# Linear interpolation

A straight-line estimation method for determining an intermediate value.

## Contents

Example 1: Interpolation

Consider a set of cashflows which has:

Net present value (NPV) of +\$4m at a yield of 5%.

NPV of -\$4m at a yield of 6%.

Using linear interpolation, the estimated yield at which the cashflows have an NPV of \$0 is given by:

5% + ( +4 / ( +4 - -4) ) x (6 - 5)%

5% + ( +4 / +8 ) x 1%

5% + 0.5%

= 5.5%.

5.5% is the estimated internal rate of return (IRR) of the cashflows.

## Interpolation and Iteration

Interpolation is often used in conjunction with Iteration.

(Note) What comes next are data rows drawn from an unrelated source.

(* Let $n\ge 1$ and let $IB_n^+\subset IB_n$ be the set of positive partial permutation braids. If $b_1,b_2\in IB_n^+$ induce the same partial permutation of their strings, i.e. $\tau_n(b_1)=\tau_n(b_2)$, then $b_1=b_2$. Moreover, for every $s\in I_n$ there exists $b\in IB_n^+$ with $\tau_n(b)=s$.
   Context: The inverse braid monoid $IB_n$ is the monoid of partial braids on $n$ strings: geometric braids on $n$ strings from which some (possibly none or all) strings have been deleted, considered up to isotopy; multiplication is stacking followed by removal of every arc that does not join the top and bottom planes. It is generated by the Artin generators $\sigma_i^{\pm1}$ ($1\le i\le n-1$) and $\epsilon$ (the trivial braid with the first string deleted). $I_n$ denotes the symmetric inverse monoid (the monoid of partial injections of $\{1,\dots,n\}$), and $\tau_n:IB_n\to I_n$ is the canonical homomorphism sending a partial braid to the partial permutation of $\{1,\dots,n\}$ given by its strings (start point $\mapsto$ end point). A positive partial braid is an element of $IB_n$ that can be written as a word in the generators $\sigma_i$ ($1\le i\le n-1$) and $\epsilon$ with no occurrence of any $\sigma_i^{-1}$. A positive partial permutation braid is a positive partial braid that can be drawn as a geometric positive partial braid in which every pair of strings crosses at most once. $IB_n^+$ denotes the set of positive partial permutation braids. *)

theory Defs
  imports Main
begin

text \<open>
  A word in the generators sigma_i, sigma_i^-1 (1 <= i <= n-1) and epsilon is drawn
  as a diagram on n slots (positions 1..n, top to bottom reading left to right in the word).
  Strings are labelled by their start positions.  epsilon cuts the arc at slot 1; the string
  occupying slot 1 at that moment is killed (its arcs do not join top and bottom, so it is
  removed entirely).  The partial braid represented by a word is determined by the set A of
  start points of surviving strings, the set B of their end points, and the braid on the
  k = card A surviving strings (an element of the Artin braid group B_k, given by its
  standard presentation), obtained by deleting all killed strings.
\<close>

datatype gen = Sig nat | SigInv nat | Eps

definition valid_word :: "nat \<Rightarrow> gen list \<Rightarrow> bool" where
  "valid_word n w \<longleftrightarrow> (\<forall>g\<in>set w. case g of
       Sig i \<Rightarrow> 1 \<le> i \<and> i < n
     | SigInv i \<Rightarrow> 1 \<le> i \<and> i < n
     | Eps \<Rightarrow> True)"

definition positive_word :: "gen list \<Rightarrow> bool" where
  "positive_word w \<longleftrightarrow> (\<forall>i. SigInv i \<notin> set w)"

text \<open>slot contents: slot \<Rightarrow> label of the string currently at that slot\<close>
definition sw :: "nat \<Rightarrow> (nat \<Rightarrow> nat) \<Rightarrow> (nat \<Rightarrow> nat)" where
  "sw i st = st(i := st (Suc i), Suc i := st i)"

fun killed :: "gen list \<Rightarrow> (nat \<Rightarrow> nat) \<Rightarrow> nat set" where
  "killed [] st = {}"
| "killed (Sig i # w) st = killed w (sw i st)"
| "killed (SigInv i # w) st = killed w (sw i st)"
| "killed (Eps # w) st = insert (st 1) (killed w st)"

definition live :: "nat \<Rightarrow> gen list \<Rightarrow> nat set" where
  "live n w = {1..n} - killed w id"

text \<open>position at the bottom of the string starting at position p\<close>
fun track :: "gen list \<Rightarrow> nat \<Rightarrow> nat" where
  "track [] p = p"
| "track (Sig i # w) p = track w (if p = i then Suc i else if p = Suc i then i else p)"
| "track (SigInv i # w) p = track w (if p = i then Suc i else if p = Suc i then i else p)"
| "track (Eps # w) p = track w p"

definition tau :: "nat \<Rightarrow> gen list \<Rightarrow> (nat \<Rightarrow> nat option)" where
  "tau n w = (\<lambda>p. if p \<in> live n w then Some (track w p) else None)"

text \<open>the braid word on the surviving strings (letters (r, True) = sigma_r, (r, False) = sigma_r^-1)\<close>
fun red :: "nat set \<Rightarrow> gen list \<Rightarrow> (nat \<Rightarrow> nat) \<Rightarrow> (nat \<times> bool) list" where
  "red L [] st = []"
| "red L (Sig i # w) st =
     (if st i \<in> L \<and> st (Suc i) \<in> L then [(card {p. 1 \<le> p \<and> p \<le> i \<and> st p \<in> L}, True)] else [])
     @ red L w (sw i st)"
| "red L (SigInv i # w) st =
     (if st i \<in> L \<and> st (Suc i) \<in> L then [(card {p. 1 \<le> p \<and> p \<le> i \<and> st p \<in> L}, False)] else [])
     @ red L w (sw i st)"
| "red L (Eps # w) st = red L w st"

inductive braid_eq :: "nat \<Rightarrow> (nat \<times> bool) list \<Rightarrow> (nat \<times> bool) list \<Rightarrow> bool" for k where
  refl: "braid_eq k u u"
| sym: "braid_eq k u v \<Longrightarrow> braid_eq k v u"
| trans: "braid_eq k u v \<Longrightarrow> braid_eq k v x \<Longrightarrow> braid_eq k u x"
| ctx: "braid_eq k u v \<Longrightarrow> braid_eq k (x @ u @ y) (x @ v @ y)"
| inv: "1 \<le> i \<Longrightarrow> i < k \<Longrightarrow> braid_eq k [(i, b), (i, \<not> b)] []"
| comm: "1 \<le> i \<Longrightarrow> i + 1 < j \<Longrightarrow> j < k \<Longrightarrow>
           braid_eq k [(i, True), (j, True)] [(j, True), (i, True)]"
| braid: "1 \<le> i \<Longrightarrow> i + 1 < k \<Longrightarrow>
           braid_eq k [(i, True), (i + 1, True), (i, True)] [(i + 1, True), (i, True), (i + 1, True)]"

definition pb_eq :: "nat \<Rightarrow> gen list \<Rightarrow> gen list \<Rightarrow> bool" where
  "pb_eq n w1 w2 \<longleftrightarrow>
     live n w1 = live n w2 \<and>
     track w1 ` live n w1 = track w2 ` live n w2 \<and>
     braid_eq (card (live n w1)) (red (live n w1) w1 id) (red (live n w2) w2 id)"

text \<open>pairs of labels of strings crossing at each sigma letter\<close>
fun crossings :: "gen list \<Rightarrow> (nat \<Rightarrow> nat) \<Rightarrow> (nat \<times> nat) list" where
  "crossings [] st = []"
| "crossings (Sig i # w) st = (st i, st (Suc i)) # crossings w (sw i st)"
| "crossings (SigInv i # w) st = (st i, st (Suc i)) # crossings w (sw i st)"
| "crossings (Eps # w) st = crossings w st"

definition crosses_at_most_once :: "nat \<Rightarrow> gen list \<Rightarrow> bool" where
  "crosses_at_most_once n w \<longleftrightarrow>
     (\<forall>a\<in>live n w. \<forall>b\<in>live n w. a \<noteq> b \<longrightarrow>
        length (filter (\<lambda>(x, y). {x, y} = {a, b}) (crossings w id)) \<le> 1)"

definition in_IBn_plus :: "nat \<Rightarrow> gen list \<Rightarrow> bool" where
  "in_IBn_plus n w \<longleftrightarrow> (\<exists>w'. valid_word n w' \<and> positive_word w' \<and>
      crosses_at_most_once n w' \<and> pb_eq n w w')"

definition partial_perm :: "nat \<Rightarrow> (nat \<Rightarrow> nat option) \<Rightarrow> bool" where
  "partial_perm n s \<longleftrightarrow> dom s \<subseteq> {1..n} \<and> ran s \<subseteq> {1..n} \<and> inj_on s (dom s)"

end

(*
  A word w determines the set L of its surviving strings and, through red, a braid word on them;
  its letters act by adjacent transpositions on the list of L in slot order, taking the initial
  order to the final one, and both orders are determined by tau n w. When w is positive and two
  strings cross at most once, this braid word exchanges every pair at most once, i.e. it is a
  reduced word. Uniqueness is therefore Matsumoto's theorem for positive words: two reduced words
  with the same endpoints are equal in the braid group. This follows by induction on the length:
  if the first letters differ, both adjacent pairs are inversions of the target order, and the
  two words can be completed through a commutation or a braid relation to a common reduced word.
  For existence, the strings outside the domain of s are dragged one by one to slot 1 and cut
  off by epsilon; a reduced positive word for a permutation extending s then braids the
  remaining strings into place.
*)

theory Submission
  imports Defs "HOL-Combinatorics.Transposition"
begin

section \<open>Words acting on lists by adjacent transpositions\<close>

(* Letter r exchanges the entries at positions r - 1 and r (counted from 0). *)
definition swap_adj :: "nat \<Rightarrow> 'a list \<Rightarrow> 'a list" where
  "swap_adj r xs = xs[r - 1 := xs ! r, r := xs ! (r - 1)]"

definition adj_pair :: "nat \<Rightarrow> 'a list \<Rightarrow> 'a set" where
  "adj_pair r xs = {xs ! (r - 1), xs ! r}"

fun act :: "'a list \<Rightarrow> (nat \<times> bool) list \<Rightarrow> 'a list" where
  "act xs [] = xs"
| "act xs (l # u) = act (swap_adj (fst l) xs) u"

fun swapped_pairs :: "'a list \<Rightarrow> (nat \<times> bool) list \<Rightarrow> 'a set list" where
  "swapped_pairs xs [] = []"
| "swapped_pairs xs (l # u) = adj_pair (fst l) xs # swapped_pairs (swap_adj (fst l) xs) u"

lemma length_swap_adj [simp]: "length (swap_adj r xs) = length xs"
  by (simp add: swap_adj_def)

lemma nth_swap_adj:
  assumes "1 \<le> r" "r < length xs"
  shows "swap_adj r xs ! p = (if p = r - 1 then xs ! r else if p = r then xs ! (r - 1) else xs ! p)"
  using assms by (auto simp: swap_adj_def nth_list_update)

lemma set_swap_adj: "1 \<le> r \<Longrightarrow> r < length xs \<Longrightarrow> set (swap_adj r xs) = set xs"
  unfolding swap_adj_def by (rule set_swap) auto

lemma distinct_swap_adj: "1 \<le> r \<Longrightarrow> r < length xs \<Longrightarrow> distinct (swap_adj r xs) \<longleftrightarrow> distinct xs"
  unfolding swap_adj_def by (rule distinct_swap) auto

lemma swap_adj_append: "swap_adj (Suc (length A)) (A @ x # y # C) = A @ y # x # C"
  by (simp add: swap_adj_def nth_append list_update_append)

lemma swap_adj_append2: "swap_adj (Suc (Suc (length A))) (A @ x # y # z # C) = A @ x # z # y # C"
  using swap_adj_append[of "A @ [x]"] by simp

lemma adj_pair_append: "adj_pair (Suc (length A)) (A @ x # y # C) = {x, y}"
  by (simp add: adj_pair_def nth_append)

lemma adj_pair_append2: "adj_pair (Suc (Suc (length A))) (A @ x # y # z # C) = {y, z}"
  using adj_pair_append[of "A @ [x]"] by simp

lemma split_at_adj:
  assumes "1 \<le> r" "r < length xs"
  obtains A x y C where "xs = A @ x # y # C" "r = Suc (length A)"
proof
  show "xs = take (r - 1) xs @ xs ! (r - 1) # xs ! r # drop (Suc r) xs"
    using assms by (metis Cons_nth_drop_Suc Suc_pred' append_take_drop_id less_imp_diff_less
        less_le_trans zero_less_one)
  show "r = Suc (length (take (r - 1) xs))"
    using assms by simp
qed

lemma split_at_adj2:
  assumes "1 \<le> r" "Suc r < length xs"
  obtains A x y z C where "xs = A @ x # y # z # C" "r = Suc (length A)"
proof -
  have "r < length xs"
    using assms(2) by simp
  then obtain A x y D where "xs = A @ x # y # D" "r = Suc (length A)"
    using split_at_adj[OF assms(1)] by blast
  moreover from this obtain z C where "D = z # C"
    using assms(2) by (cases D) auto
  ultimately show ?thesis
    using that by blast
qed

lemma swap_adj_swap_adj: "1 \<le> r \<Longrightarrow> r < length xs \<Longrightarrow> swap_adj r (swap_adj r xs) = xs"
  by (rule nth_equalityI) (auto simp: nth_swap_adj)

lemma swap_adj_commute:
  "1 \<le> i \<Longrightarrow> i + 1 < j \<Longrightarrow> j < length xs \<Longrightarrow>
   swap_adj i (swap_adj j xs) = swap_adj j (swap_adj i xs)"
  unfolding swap_adj_def by (simp add: nth_list_update_neq list_update_swap)

lemma adj_pair_swap_adj_far:
  assumes "1 \<le> i" "i + 1 < j" "j < length xs"
  shows "adj_pair j (swap_adj i xs) = adj_pair j xs" "adj_pair i (swap_adj j xs) = adj_pair i xs"
  using assms by (auto simp: adj_pair_def nth_swap_adj)

lemma swap_adj_braid:
  assumes "1 \<le> i" "Suc i < length xs"
  shows "swap_adj i (swap_adj (Suc i) (swap_adj i xs)) = swap_adj (Suc i) (swap_adj i (swap_adj (Suc i) xs))"
proof -
  obtain A x y z C where "xs = A @ x # y # z # C" "i = Suc (length A)"
    using split_at_adj2 assms .
  then show ?thesis
    by (simp add: swap_adj_append swap_adj_append2)
qed

lemma act_append: "act xs (u @ v) = act (act xs u) v"
  by (induction u arbitrary: xs) auto

lemma length_act [simp]: "length (act xs u) = length xs"
  by (induction u arbitrary: xs) auto

lemma length_swapped_pairs [simp]: "length (swapped_pairs xs u) = length u"
  by (induction u arbitrary: xs) auto

lemma swapped_pairs_append: "swapped_pairs xs (u @ v) = swapped_pairs xs u @ swapped_pairs (act xs u) v"
  by (induction u arbitrary: xs) auto

lemma braid_eq_act: "braid_eq k u v \<Longrightarrow> length xs = k \<Longrightarrow> act xs u = act xs v"
proof (induction arbitrary: xs rule: braid_eq.induct)
  case (ctx u v x y)
  then show ?case by (simp add: act_append)
next
  case (comm i j)
  then show ?case using swap_adj_commute[of i j xs] by simp
next
  case (braid i)
  then show ?case using swap_adj_braid[of i xs] by simp
qed (simp_all add: swap_adj_swap_adj)

section \<open>Inversions\<close>

definition precedes :: "'a list \<Rightarrow> 'a \<Rightarrow> 'a \<Rightarrow> bool" where
  "precedes xs a b \<longleftrightarrow> (\<exists>i j. i < j \<and> j < length xs \<and> xs ! i = a \<and> xs ! j = b)"

definition inversions :: "'a list \<Rightarrow> 'a list \<Rightarrow> 'a set set" where
  "inversions xs ys = {{a, b} | a b. precedes xs a b \<and> precedes ys b a}"

lemma precedes_Nil [simp]: "\<not> precedes [] a b"
  by (simp add: precedes_def)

Using iteration, the straight-line estimated IRR of 5.5% would then be used, in turn, to recalculate the NPV at the estimated IRR of 5.5%, producing a recalculated NPV even closer to \$0.

5.5% and the recalculated NPV would then be used with interpolation once again to further refine the estimate of the IRR.

This iteration process can be repeated as often as required until the result converges on a sufficiently stable final figure.

## Extrapolation

Another closely related linear estimation technique is extrapolation.

This involves the straight-line estimation of values outside the range of the sample data used to do the estimation with.

Example 2: Extrapolation

Using the following data to estimate net present value (NPV) at a yield of 7%, using extrapolation:

NPV of +\$4m at a yield of 5%.

NPV of -\$4m at a yield of 6%.

Solution

Based on the sample data, for every 1% increase in the yield, the NPV moved by:

-\$4m - \$4m = -\$8m

Extrapolating this trend to a yield of 7%, this is a further increase in the yield of 7 - 6 = 1%.

The NPV would be modelled to fall from -\$4m to:

= -\$4m - \$8m

= -\$12m.